Citigroup doubts the two biggest economies — Brazil and Mexico — will offer investors much respite, even if protests don’t spread there. In Brazil, political infighting will probably slow President Jair Bolsonaro’s tax reforms, while Mexico’s fiscal situation may deteriorate with President Andres Manuel Lopez Obrador potentially ramping up spending to buoy the struggling economy, Citigroup says.
Government Defaults
Sovereign defaults have been rare in emerging markets in recent years. But in 2020 more countries could join Venezuela, which defaulted two years ago. Markets are most nervous about Argentina, Lebanon and Zambia.
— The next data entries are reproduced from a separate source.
lemma rep_tuples_elem_le:
  assumes b: "\<forall>i\<in>{1..h}. b i > 0" and k: "k \<in> rep_tuples b h n" and x: "x \<in> set k"
  shows "x \<le> n"
proof -
  obtain j where j: "j < h" "x = k ! j"
    using x k by (auto simp: in_set_conv_nth rep_tuples_def)
  moreover have "b (Suc j) > 0" using b j by auto
  ultimately have "x \<le> b (Suc j) * k ! j" by simp
  also have "\<dots> \<le> (\<Sum>i<h. b (Suc i) * k ! i)" using j by (intro member_le_sum) auto
  finally show ?thesis using k by (simp add: rep_tuples_def)
qed

lemma finite_rep_tuples:
  assumes "\<forall>i\<in>{1..h}. b i > 0"
  shows "finite (rep_tuples b h n)"
proof (rule finite_subset)
  show "rep_tuples b h n \<subseteq> {k. set k \<subseteq> {0..n} \<and> length k = h}"
    using rep_tuples_elem_le[OF assms] by (auto simp: rep_tuples_def)
qed (rule finite_lists_length_eq, simp)

lemma finite_rep_supports: "\<forall>i\<in>{1..h}. b i > 0 \<Longrightarrow> finite (rep_supports b h n)"
  unfolding rep_supports_def using finite_rep_tuples by blast

lemma rep_supports_subset:
  assumes b: "\<forall>i\<in>{1..h}. b i > 0" and D: "D \<in> rep_supports b h n"
  shows "D \<subseteq> {1..n}"
proof -
  obtain k where "k \<in> rep_tuples b h n" "D = set k - {0}"
    using D unfolding rep_supports_def by blast
  then show ?thesis using rep_tuples_elem_le[OF b] by (auto simp: Suc_le_eq)
qed

lemma card_rep_supports_le:
  assumes "D \<in> rep_supports b h n"
  shows "card D \<le> h"
proof -
  obtain t where t: "length t = h" "D = set t - {0}"
    using assms by (auto simp: rep_supports_def rep_tuples_def)
  have "card D \<le> card (set t)" using t(2) by (intro card_mono) auto
  also have "\<dots> \<le> h" using t(1) card_length by metis
  finally show ?thesis .
qed

lemma rep_rand_set_eq_0_iff:
  assumes b: "\<forall>i\<in>{1..h}. b i > 0"
  shows "rep b (rand_set \<omega>) h n = 0 \<longleftrightarrow> (\<forall>D\<in>rep_supports b h n. \<not> D \<subseteq> {i\<in>{1..n}. \<omega> i})"
proof -
  have "rep b (rand_set \<omega>) h n = card {k \<in> rep_tuples b h n. set k \<subseteq> rand_set \<omega>}"
    unfolding rep_def rep_tuples_def by (rule arg_cong[where f=card]) auto
  also have "\<dots> = 0 \<longleftrightarrow> (\<forall>k\<in>rep_tuples b h n. \<not> set k \<subseteq> rand_set \<omega>)"
    using finite_rep_tuples[OF b] by auto
  also have "\<dots> \<longleftrightarrow> (\<forall>k\<in>rep_tuples b h n. \<not> set k - {0} \<subseteq> {i\<in>{1..n}. \<omega> i})"
    using rep_tuples_elem_le[OF b] by (intro ball_cong refl) (auto simp: rand_set_def)
  finally show ?thesis
    unfolding rep_supports_def by simp
qed

lemma emeasure_rep_eq_0_ge:
  assumes b: "\<forall>i\<in>{1..h}. b i > 0" and w: "\<forall>i\<in>{1..n}. 0 \<le> w i \<and> w i \<le> 1"
  shows "ennreal (\<Prod>D\<in>rep_supports b h n. 1 - (\<Prod>i\<in>D. w i))
     \<le> emeasure (bern_space w) {\<omega> \<in> space (bern_space w). rep b (rand_set \<omega>) h n = 0}"
proof -
  let ?P = "\<lambda>X. \<forall>D\<in>rep_supports b h n. \<not> D \<subseteq> X"
  have "(\<Prod>D\<in>rep_supports b h n. 1 - (\<Prod>i\<in>D. w i)) \<le> bern_prob w {1..n} ?P"
    using w finite_rep_supports[OF b] rep_supports_subset[OF b] by (intro harris_avoid_all) auto
  also have "ennreal (bern_prob w {1..n} ?P)
      = emeasure (bern_space w) {\<omega> \<in> space (bern_space w). ?P {i\<in>{1..n}. \<omega> i}}"
    using w by (intro emeasure_bern_space_event[symmetric]) auto
  finally show ?thesis
    unfolding rep_rand_set_eq_0_iff[OF b] by (simp only: ennreal_leI)
qed

lemma rep_supports_large_elem:
  assumes b: "\<forall>i\<in>{1..h}. b i > 0" and D: "D \<in> rep_supports b h n" and n: "n \<ge> 1"
  shows "\<exists>k\<in>D. n \<le> k * (Max (b ` {1..h}) * h)"
proof (rule ccontr)
  obtain t where t: "length t = h" "(\<Sum>i<h. b (Suc i) * t ! i) = n" "D = set t - {0}"
    using D by (auto simp: rep_supports_def rep_tuples_def)
  assume "\<not> ?thesis"
  then have small: "k * (Max (b ` {1..h}) * h) < n" if "k \<in> D" for k
    using that by (auto simp: not_le)
  have "b (Suc j) * t ! j * h < n" if "j < h" for j
  proof (cases "t ! j = 0")
    case False
    then have "t ! j \<in> D" using that t by auto
    have "b (Suc j) \<le> Max (b ` {1..h})" using that by (intro Max_ge) auto
    then have "b (Suc j) * t ! j * h \<le> t ! j * (Max (b ` {1..h}) * h)"
      by (simp add: mult_le_mono1 algebra_simps)
    then show ?thesis using small[OF \<open>t ! j \<in> D\<close>] by linarith
  qed (use n in simp)
  then have "(\<Sum>i<h. b (Suc i) * t ! i * h) < (\<Sum>i<h. n)"
    using n t by (intro sum_strict_mono) (auto simp: lessThan_empty_iff)
  then show False using t by (simp add: sum_distrib_right[symmetric])
qed

lemma card_rep_supports_index:
  "card {n\<in>{1..N}. D \<in> rep_supports b h n} \<le> (card D + 1) ^ h"
proof (cases "finite D")
  case False
  have "finite D" if "D \<in> rep_supports b h n" for n
    using that unfolding rep_supports_def by auto
  then have "{n\<in>{1..N}. D \<in> rep_supports b h n} = {}" using False by blast
  then show ?thesis by (metis card.empty zero_le)
next
  case True
  define L where "L = {t. set t \<subseteq> insert 0 D \<and> length t = h}"
  have "finite L" unfolding L_def using True by (intro finite_lists_length_eq) auto
  have "{n\<in>{1..N}. D \<in> rep_supports b h n} \<subseteq> (\<lambda>t. \<Sum>i<h. b (Suc i) * t ! i) ` L"
  proof
    fix n assume "n \<in> {n\<in>{1..N}. D \<in> rep_supports b h n}"
    then obtain t where "t \<in> rep_tuples b h n" "D = set t - {0}" unfolding rep_supports_def by auto
    then show "n \<in> (\<lambda>t. \<Sum>i<h. b (Suc i) * t ! i) ` L" unfolding L_def rep_tuples_def by auto
  qed
  then have "card {n\<in>{1..N}. D \<in> rep_supports b h n} \<le> card ((\<lambda>t. \<Sum>i<h. b (Suc i) * t ! i) ` L)"
    using \<open>finite L\<close> by (intro card_mono) auto
  also have "\<dots> \<le> card L" using \<open>finite L\<close> by (rule card_image_le)
  also have "\<dots> = card (insert 0 D) ^ h" unfolding L_def using True by (intro card_lists_length_eq) auto
  also have "\<dots> \<le> (card D + 1) ^ h" using True by (intro power_mono) (auto simp: card_insert_if)
  finally show ?thesis .
qed

section \<open>Riemann sums and the Beta integral\<close>

lemma integral_ge_right_endpoint:
  fixes \<phi> :: "real \<Rightarrow> real"
  assumes int: "\<phi> integrable_on {lo..hi}" and "lo \<le> hi"
    and dec: "\<And>x. lo < x \<Longrightarrow> x \<le> hi \<Longrightarrow> \<phi> hi \<le> \<phi> x"
  shows "(hi - lo) * \<phi> hi \<le> integral {lo..hi} \<phi>"
proof -
  define \<psi> where "\<psi> x = (if x = lo then \<phi> hi else \<phi> x)" for x
  have "\<psi> integrable_on {lo..hi}"
    by (rule integrable_spike_finite[where S="{lo}", OF _ _ int]) (auto simp: \<psi>_def)
  then have "integral {lo..hi} (\<lambda>x. \<phi> hi) \<le> integral {lo..hi} \<psi>"
    using dec by (intro integral_le) (auto simp: \<psi>_def)
  also have "integral {lo..hi} \<psi> = integral {lo..hi} \<phi>"
    unfolding \<psi>_def by (rule integral_spike[of "{lo}"]) auto
  finally show ?thesis using \<open>lo \<le> hi\<close> by simp
qed

lemma sum_le_integral_antimono:
  fixes \<phi> :: "real \<Rightarrow> real" and X I :: real and K :: nat
  assumes int: "(\<phi> has_integral I) {0..1}"
    and dec: "\<And>s t. 0 < s \<Longrightarrow> s \<le> t \<Longrightarrow> t \<le> 1 \<Longrightarrow> \<phi> t \<le> \<phi> s"
    and nonneg: "\<And>t. 0 \<le> t \<Longrightarrow> t \<le> 1 \<Longrightarrow> 0 \<le> \<phi> t"
    and X: "X > 0" and K: "real K \<le> X"
  shows "(\<Sum>k=1..K. \<phi> (real k / X)) \<le> X * I"
proof -
  have sub: "\<phi> integrable_on {c..d}" if "0 \<le> c" "d \<le> 1" for c d
    using int that by (cases "c \<le> d") (auto intro: integrable_subinterval_real)
  have combine: "integral {0..c} \<phi> + integral {c..d} \<phi> = integral {0..d} \<phi>"
    if "0 \<le> c" "c \<le> d" "d \<le> 1" for c d
    using that sub[of 0 d] by (intro Henstock_Kurzweil_Integration.integral_combine) auto
  have riemann: "(\<Sum>k=1..m. \<phi> (real k / X)) / X \<le> integral {0..real m / X} \<phi>" if "m \<le> K" for m
    using that
  proof (induction m)
    case (Suc m)
    define lo where "lo = real m / X"
    define hi where "hi = real (Suc m) / X"
    have lohi: "0 \<le> lo" "lo \<le> hi" "hi \<le> 1" "hi - lo = 1 / X"
      using X Suc.prems K by (auto simp: lo_def hi_def divide_right_mono field_simps)
    have "\<phi> hi / X \<le> integral {lo..hi} \<phi>"
      using integral_ge_right_endpoint[OF sub[of lo hi] _ dec] lohi by (simp add: algebra_simps)
    then have "(\<Sum>k=1..Suc m. \<phi> (real k / X)) / X \<le> integral {0..lo} \<phi> + integral {lo..hi} \<phi>"
      using Suc by (simp add: hi_def lo_def add_divide_distrib)
    then show ?case using combine[of lo hi] lohi by (simp add: hi_def)
  qed simp
  have "0 \<le> real K / X" using X by simp
  then have "0 \<le> integral {real K / X..1} \<phi>"
    by (intro integral_nonneg sub nonneg) auto
  moreover have "integral {0..real K / X} \<phi> + integral {real K / X..1} \<phi> = I"
    using combine[of "real K / X" 1] X K int by (simp add: integral_unique)
  ultimately have "(\<Sum>k=1..K. \<phi> (real k / X)) / X \<le> I" using riemann[of K] by simp
  then show ?thesis using X by (simp add: field_simps)
qed

lemma sum_powr_le:
  fixes a X :: real
  assumes a: "0 < a" "a \<le> 1" and X: "0 \<le> X"
  shows "(\<Sum>k=1..nat \<lfloor>X\<rfloor>. real k powr (a - 1)) \<le> X powr a / a"
proof (cases "X < 1")
  case True
  then have "nat \<lfloor>X\<rfloor> = 0" using X by linarith
  then show ?thesis using a by simp
next
  case False
  have "Gamma (a + 1) = a * Gamma a" "Gamma a > 0"
    using a Gamma_plus1[of a] nonpos_Ints_nonpos by fastforce+
  then have "Beta a 1 = 1 / a"
    by (simp add: Beta_def add.commute)
  then have "((\<lambda>t. t powr (a - 1)) has_integral 1 / a) {0..1}"
    using has_integral_Beta_real[of a 1] a by (rule_tac has_integral_spike_finite[where S="{1}"]) auto
  then have le: "(\<Sum>k=1..nat \<lfloor>X\<rfloor>. (real k / X) powr (a - 1)) \<le> X * (1 / a)"
    using False a by (intro sum_le_integral_antimono) (auto intro: powr_mono2')
  have "(\<Sum>k=1..nat \<lfloor>X\<rfloor>. real k powr (a - 1))
      = X powr (a - 1) * (\<Sum>k=1..nat \<lfloor>X\<rfloor>. (real k / X) powr (a - 1))"
    unfolding sum_distrib_left using False by (intro sum.cong) (auto simp: powr_divide)
  also have "\<dots> \<le> X powr (a - 1) * (X * (1 / a))"
    using le by (intro mult_left_mono) auto
  also have "\<dots> = X powr a / a"
    using False by (simp add: powr_diff field_simps)
  finally show ?thesis .
qed

lemma sum_powr_mult_powr_le_Beta:
  fixes a e X :: real
  assumes a: "0 < a" "a \<le> 1" and e: "0 < e" and X: "0 \<le> X"
  shows "(\<Sum>k=1..nat \<lfloor>X\<rfloor>. real k powr (a - 1) * (X - real k) powr e) \<le> X powr (a + e) * Beta a (e + 1)"
proof (cases "X < 1")
  case True
  then have "nat \<lfloor>X\<rfloor> = 0" using X by linarith
  moreover have "Beta a (e + 1) \<ge> 0" using a e unfolding Beta_def
    by (intro divide_nonneg_pos mult_nonneg_nonneg) (auto intro!: less_imp_le Gamma_real_pos)
  ultimately show ?thesis by simp
next
  case False
  define \<phi> where "\<phi> t = t powr (a - 1) * (1 - t) powr e" for t :: real
  have "(\<phi> has_integral Beta a (e + 1)) {0..1}"
    using has_integral_Beta_real[of a "e + 1"] a e unfolding \<phi>_def by simp
  then have le: "(\<Sum>k=1..nat \<lfloor>X\<rfloor>. \<phi> (real k / X)) \<le> X * Beta a (e + 1)"
  proof (rule sum_le_integral_antimono)
    show "\<phi> t \<le> \<phi> s" if "0 < s" "s \<le> t" "t \<le> 1" for s t
      unfolding \<phi>_def using that a e by (intro mult_mono powr_mono2' powr_mono2) auto
  qed (use False in \<open>auto simp: \<phi>_def\<close>)
  have "real k powr (a - 1) * (X - real k) powr e = X powr (a - 1) * X powr e * \<phi> (real k / X)"
    if "k \<in> {1..nat \<lfloor>X\<rfloor>}" for k
  proof -
    have "1 - real k / X = (X - real k) / X" using False by (simp add: field_simps)
    then show ?thesis using False by (simp add: \<phi>_def powr_divide field_simps)
  qed
  then have "(\<Sum>k=1..nat \<lfloor>X\<rfloor>. real k powr (a - 1) * (X - real k) powr e)
      = X powr (a - 1) * X powr e * (\<Sum>k=1..nat \<lfloor>X\<rfloor>. \<phi> (real k / X))"
    unfolding sum_distrib_left by (intro sum.cong) auto
  also have "\<dots> \<le> X powr (a - 1) * X powr e * (X * Beta a (e + 1))"
    using le by (intro mult_left_mono) auto
  also have "\<dots> = X powr (a + e) * Beta a (e + 1)"
    using False by (simp add: powr_diff powr_add field_simps)
  finally show ?thesis .
qed

section \<open>Weighted compositions\<close>

definition wcomps :: "nat list \<Rightarrow> real \<Rightarrow> nat list set" where
  "wcomps bs x = {t. length t = length bs \<and> (\<forall>k\<in>set t. 1 \<le> k) \<and> real (sum_list (map2 (*) bs t)) \<le> x}"

fun wcomp_sum :: "(nat \<Rightarrow> real) \<Rightarrow> nat list \<Rightarrow> real \<Rightarrow> real" where
  "wcomp_sum f [] x = (if 0 \<le> x then 1 else 0)"
| "wcomp_sum f (\<beta> # bs) x = (\<Sum>k=1..nat \<lfloor>x / real \<beta>\<rfloor>. f k * wcomp_sum f bs (x - real \<beta> * real k))"

lemma mem_1_nat_floor_iff: "k \<in> {1..nat \<lfloor>y\<rfloor>} \<longleftrightarrow> 1 \<le> k \<and> real k \<le> y"
  by (cases "0 \<le> \<lfloor>y\<rfloor>") (auto simp: le_nat_iff le_floor_iff)

lemma wcomps_Cons:
  assumes "\<beta> > 0"
  shows "wcomps (\<beta> # bs) x = (\<Union>k\<in>{1..nat \<lfloor>x / real \<beta>\<rfloor>}. (#) k ` wcomps bs (x - real \<beta> * real k))"
proof (rule set_eqI, rule iffI)
  fix t assume "t \<in> wcomps (\<beta> # bs) x"
  then obtain k t' where t: "t = k # t'" "1 \<le> k" "t' \<in> wcomps bs (x - real \<beta> * real k)"
      "real \<beta> * real k \<le> x"
    unfolding wcomps_def by (cases t) auto
  then have "real k \<le> x / real \<beta>"
    using assms by (simp add: field_simps)
  then have "k \<in> {1..nat \<lfloor>x / real \<beta>\<rfloor>}"
    using t(2) mem_1_nat_floor_iff by blast
  then show "t \<in> (\<Union>k\<in>{1..nat \<lfloor>x / real \<beta>\<rfloor>}. (#) k ` wcomps bs (x - real \<beta> * real k))"
    using t by blast
qed (auto simp: wcomps_def mem_1_nat_floor_iff)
Argentina’s currency and bonds plummeted in early August when Alberto Fernandez’s surprise victory in a primary vote put the leftist on course for the presidency. Fernandez, who was sworn in this month, has signaled he will open talks with creditors to delay debt payments. Harvard University economist Carmen Reinhart says this restructuring battle would be even nastier than Argentina’s last one, which dragged on for 15 years after its 2001 default.
Lebanon has been without a government since protesters forced Prime Minister Saad Hariri to resign in late October. Its next Eurobond is due in early March. Even if it pays that one, markets doubt the country can hold out indefinitely. Its dollar yields have soared to an average of 30% and many of its bonds trade below 50 cents, suggesting investors expect heavy write-offs.
Zambia’s Eurobond yields have climbed to almost 20% amid a slowing economy and worsening power cuts. Investors say it probably needs a bailout from the IMF, though the government seems reluctant to accept the conditions that would come with that.